Маленький Диккенс - страница 30

стр.

Оба нетвердо пустились в пляс.

Из-за соседнего стола выскочили еще два арестанта. Один в истасканном черном сюртуке, застегнутом на все пуговицы. Красное лицо его заплыло жиром. Он побежал на середину буфетной пыхтя и отдуваясь. Другой — широкий и плечистый, в синей куртке. Правая нога его была обута в щегольской сапог, левая — в старую дырявую туфлю. На сапоге его торчала покрытая ржавчиной шпора, он вздергивал ее кверху, похлопывал по сапогу изорванной охотничьей плетью в такт пляски, и покрикивал, как кричат охотники, погоняя лошадей.

— Браво, браво! — раздавалось со всех сторон. — Отмахните еще коленце… Раз, два, три. Браво, браво! Раз, два, три. Ура!

Тут к плясунам присоединился высокий молодец с длинными черными волосами и густыми лохматыми бакенбардами до самого подбородка. Галстука на шее у него не было, ворот рубашки был расстегнут и из-под него видна заросшая густыми волосами грудь. На голове у него торчал смешной бумажный колпак с кисточками, а в бумазейной куртке все пуговицы были оборваны. Он глядел нахально и дерзко. Таких молодцов можно встретить в трактирах и на постоялых дворах.

Арестанты пришли в восторг. Плясунам налили вина. Все затянули песни. Ветхий пол трясся под ударами каблуков. Буфетная тонула в клубах табачного дыма…

Держи левее, Добин,
Держи правее, Добин,
Левей, правей, правей, левей!

Наконец наступил счастливый день.
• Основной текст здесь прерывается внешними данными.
lemma colon_graded_prime_submodule:
  assumes gm: "graded_module RG scale MG" and P: "graded_prime_submodule RG scale MG P"
  shows "colon scale P \<in> Spec_g RG"
proof -
  note mo = graded_moduleD(2)[OF gm]
  have Pg: "graded_submodule scale MG P" and PU: "P \<noteq> UNIV"
    and prime: "\<And>r m. r \<in> homog RG \<Longrightarrow> m \<in> homog MG \<Longrightarrow> scale r m \<in> P \<Longrightarrow> m \<in> P \<or> r \<in> colon scale P"
    using P unfolding graded_prime_submodule_def by blast+
  have "a \<in> colon scale P \<or> b \<in> colon scale P"
    if ab: "a \<in> homog RG" "b \<in> homog RG" "a * b \<in> colon scale P" for a b
  proof (rule disjCI)
    assume "b \<notin> colon scale P"
    then obtain m where m: "m \<in> homog MG" "scale b m \<notin> P"
      using colon_memI_homog[OF gm graded_submoduleD(1)[OF Pg]] by blast
    have "scale a (scale b m) \<in> P"
      using ab(3) unfolding colon_def by (simp add: module.scale_scale[OF mo])
    then show "a \<in> colon scale P" using prime[OF ab(1) homog_scale[OF gm ab(2) m(1)]] m(2) by blast
  qed
  then show ?thesis using Spec_gI[OF colon_graded_ideal[OF gm Pg] one_not_mem_colon[OF mo PU]] by blast
qed

lemma colon_Inter: "colon scale (\<Inter>S) = \<Inter>(colon scale ` S)"
  unfolding colon_def by blast

lemma colon_mono: "A \<subseteq> B \<Longrightarrow> colon scale A \<subseteq> colon scale B"
  unfolding colon_def by blast

text \<open>This is where the graded primeful property enters: the colon ideals of the graded
primes above \<open>Q\<close> are exactly the graded primes above \<open>(Q :\<^sub>R M)\<close>.\<close>

lemma colon_GrM_eq_Gr_colon:
  assumes gm: "graded_module RG scale MG" and Q: "graded_submodule scale MG Q"
    and primeful: "graded_primeful RG scale MG Q"
  shows "colon scale (GrM RG scale MG Q) = Gr RG (colon scale Q)"
proof -
  let ?Ps = "{P. graded_prime_submodule RG scale MG P \<and> Q \<subseteq> P}"
  have "colon scale ` ?Ps \<subseteq> {p\<in>Spec_g RG. colon scale Q \<subseteq> p}"
    using colon_graded_prime_submodule[OF gm] colon_mono[of Q _ scale] by blast
  moreover have "{p\<in>Spec_g RG. colon scale Q \<subseteq> p} \<subseteq> colon scale ` ?Ps"
  proof
    fix p assume "p \<in> {p\<in>Spec_g RG. colon scale Q \<subseteq> p}"
    then obtain P where "P \<in> ?Ps" "colon scale P = p"
      using primeful unfolding graded_primeful_def by blast
    then show "p \<in> colon scale ` ?Ps" by blast
  qed
  ultimately have "colon scale ` ?Ps = {p\<in>Spec_g RG. colon scale Q \<subseteq> p}" ..
  then have "colon scale (GrM RG scale MG Q) = \<Inter>{p\<in>Spec_g RG. colon scale Q \<subseteq> p}"
    unfolding GrM_def colon_Inter by simp
  also have "\<dots> = Gr RG (colon scale Q)"
    by (rule Gr_eq_Inter_Spec_g[OF graded_moduleD(1)[OF gm] colon_graded_ideal[OF gm Q], symmetric])
  finally show ?thesis .
qed

lemma GrM_subspace:
  assumes gm: "graded_module RG scale MG"
  shows "module.subspace scale (GrM RG scale MG Q)"
  unfolding GrM_def
  by (rule module.subspace_Inter[OF graded_moduleD(2)[OF gm]])
     (auto simp: graded_prime_submodule_def dest: graded_submoduleD(1))

section \<open>Quasi-primary submodules\<close>

lemma Gr_graded_ideal:
  assumes "graded_ring RG" "graded_ideal RG I"
  shows "graded_ideal RG (Gr RG I)"
  unfolding Gr_eq_Inter_Spec_g[OF assms] by (rule graded_ideal_Inter) (blast dest: Spec_g_graded_ideal)

lemma homog_mem_Gr_of_power:
  assumes gr: "graded_ring RG" and I: "is_ideal I" and c: "c \<in> homog RG" "c ^ n \<in> Gr RG I"
  shows "c \<in> Gr RG I"
  using c homog_mem_Gr_iff[OF gr I homog_power[OF gr c(1)]] homog_mem_Gr_iff[OF gr I c(1)]
  by (metis power_mult)

text \<open>If \<open>(ab)\<^sup>n \<in> (Q :\<^sub>R M)\<close>, then either \<open>b\<^sup>n\<close> kills \<open>M\<close> modulo \<open>Gr\<^sub>M(Q)\<close>, or some
homogeneous \<open>b\<^sup>n m \<notin> Gr\<^sub>M(Q)\<close> is sent into \<open>Q\<close> by \<open>a\<^sup>n\<close> and quasi-primality applies.\<close>

lemma Gr_colon_qpSpec_in_Spec_g:
  assumes gm: "graded_module RG scale MG" and Q: "Q \<in> qpSpec RG scale MG"
  shows "Gr RG (colon scale Q) \<in> Spec_g RG"
proof -
  note gr = graded_moduleD(1)[OF gm] and mo = graded_moduleD(2)[OF gm]
  have Qg: "graded_submodule scale MG Q" and QU: "Q \<noteq> UNIV"
    and qp: "\<And>r m. r \<in> homog RG \<Longrightarrow> m \<in> homog MG \<Longrightarrow> scale r m \<in> Q \<Longrightarrow>
        r \<in> Gr RG (colon scale Q) \<or> m \<in> GrM RG scale MG Q"
    and primeful: "graded_primeful RG scale MG Q"
    using Q unfolding qpSpec_def graded_quasi_primary_def by blast+
  let ?I = "colon scale Q"
  have I: "graded_ideal RG ?I" by (rule colon_graded_ideal[OF gm Qg])
  note mem_Gr = homog_mem_Gr_iff[OF gr graded_idealD(1)[OF I]]
  note Gr_root = homog_mem_Gr_of_power[OF gr graded_idealD(1)[OF I]]
  show ?thesis
  proof (rule Spec_gI)
    show "graded_ideal RG (Gr RG ?I)" by (rule Gr_graded_ideal[OF gr I])
    show "1 \<notin> Gr RG ?I" using mem_Gr[OF homog_one[OF gr]] one_not_mem_colon[OF mo QU] by simp
  next
    fix a b assume ab: "a \<in> homog RG" "b \<in> homog RG" "a * b \<in> Gr RG ?I"
    obtain n where n: "(a * b) ^ n \<in> ?I" using ab mem_Gr[OF homog_mult[OF gr ab(1,2)]] by blast
    show "a \<in> Gr RG ?I \<or> b \<in> Gr RG ?I"
    proof (cases "\<forall>m\<in>homog MG. scale (b ^ n) m \<in> GrM RG scale MG Q")
      case True
      then have "b ^ n \<in> colon scale (GrM RG scale MG Q)"
        using colon_memI_homog[OF gm GrM_subspace[OF gm]] by blast
      then show ?thesis using Gr_root[OF ab(2)] colon_GrM_eq_Gr_colon[OF gm Qg primeful] by blast
    next
      case False
      then obtain m where m: "m \<in> homog MG" "scale (b ^ n) m \<notin> GrM RG scale MG Q" by blast
      have "scale (a ^ n) (scale (b ^ n) m) \<in> Q"
        using n unfolding colon_def by (simp add: module.scale_scale[OF mo] power_mult_distrib)
      then have "a ^ n \<in> Gr RG ?I"
        using qp[OF homog_power[OF gr ab(1)] homog_scale[OF gm homog_power[OF gr ab(2)] m(1)]] m(2)
        by blast
      then show ?thesis using Gr_root[OF ab(1)] by blast
    qed
  qed
qed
Джон Диккенс со всей семьей навсегда покинули тюрьму. Отъезд был назначен в полдень. На тюремном дворе собрались сторожа и арестанты. Все хотели проститься с Диккенсами. По двору ковылял, прихрамывая, и пухленький старичок. Он тоже пришел в тюрьму на проводы. Арестанты обступили старичка. Они знали, что у него знакомые в суде. Ему со всех сторон совали прошения: один жаловался на начальство, другой хлопотал, чтобы ему сократили срок, третий писал, что его посадили в тюрьму не по закону. Пухленький старичок совсем растерялся, но все прошения совал в карман, говорил каждому, что постарается его дело уладить.

Наконец тюремщик открыл ворота. Диккенсы уселись в карету, лошади тронулись, тюрьма осталась позади.

Сидя против отца в карете и слушай, как стучат колеса, Чарли думал о тюрьме. Неужели он больше никогда не будет подходить к ее воротам? Неужели и вправду началась новая жизнь? Неужели он больше не будет хлопотать, бегать, валиться с ног от тяжелой работы? Неужели ему и вправду купят новые книги и отдадут его в школу?

Не во сне ли это ему все представляется? Во сне или наяву? Наяву или во сне? Вдруг карета повернет назад и опять подъедет к воротам тюрьмы? Нет, они едут все дальше и дальше. Так это правда, а прежняя жизнь только сон — дурной, страшный, тяжелый сон!

А как же там, в тюрьме, все будет без него? И трудно было поверить, что там все останется по-прежнему, тюремщики все также будут отпирать и запирать ворота, громыхая железным засовом, всё так же будут арестанты шагать по тесному двору, все такие же будут решетки на окнах и мрачные, грязные подземелья. А в подземельях люди, похожие на мертвых. Неужели так всегда будет? Всегда? Всегда?


>Все так же арестанты шагают по тесному двору.


ПОСТУПАЕТ В ШКОЛУ

Злой директор. — Канарейки в пюпитрах. — Как белая мышь жила в латинском словаре. — Веселые товарищи. — Мальчики пугают полицию.

Все знакомые Джона Диккенса в один голос твердили, что в Лондоне нет школы для мальчиков лучше школы мистера Джонса. Мистер Джонс прославленный воспитатель. У него учатся дети из самых богатых, самых известных семей. Отец Чарли не стал долго думать. Он послал сына к мистеру Джонсу взять программу и сговориться о плате за учение.

Школа была недалеко от Сомерс-Тауна, где поселились Диккенсы, на углу большой площади. Как только Чарли свернул из темного переулка на площадь, он увидел прибитую над дверью углового дома доску с надписью:

АКАДЕМИЯ ВЕЛЛИНГТОНА.

Мальчик стремглав перебежал площадь и постучал в дверь. За дверьми послышались тяжелые, медленные шаги. Двери открылись. Чарли увидел высокого человека с угрюмым, неподвижным лицом.

— Нельзя ли видеть мистера Джонса? — спросил Чарли.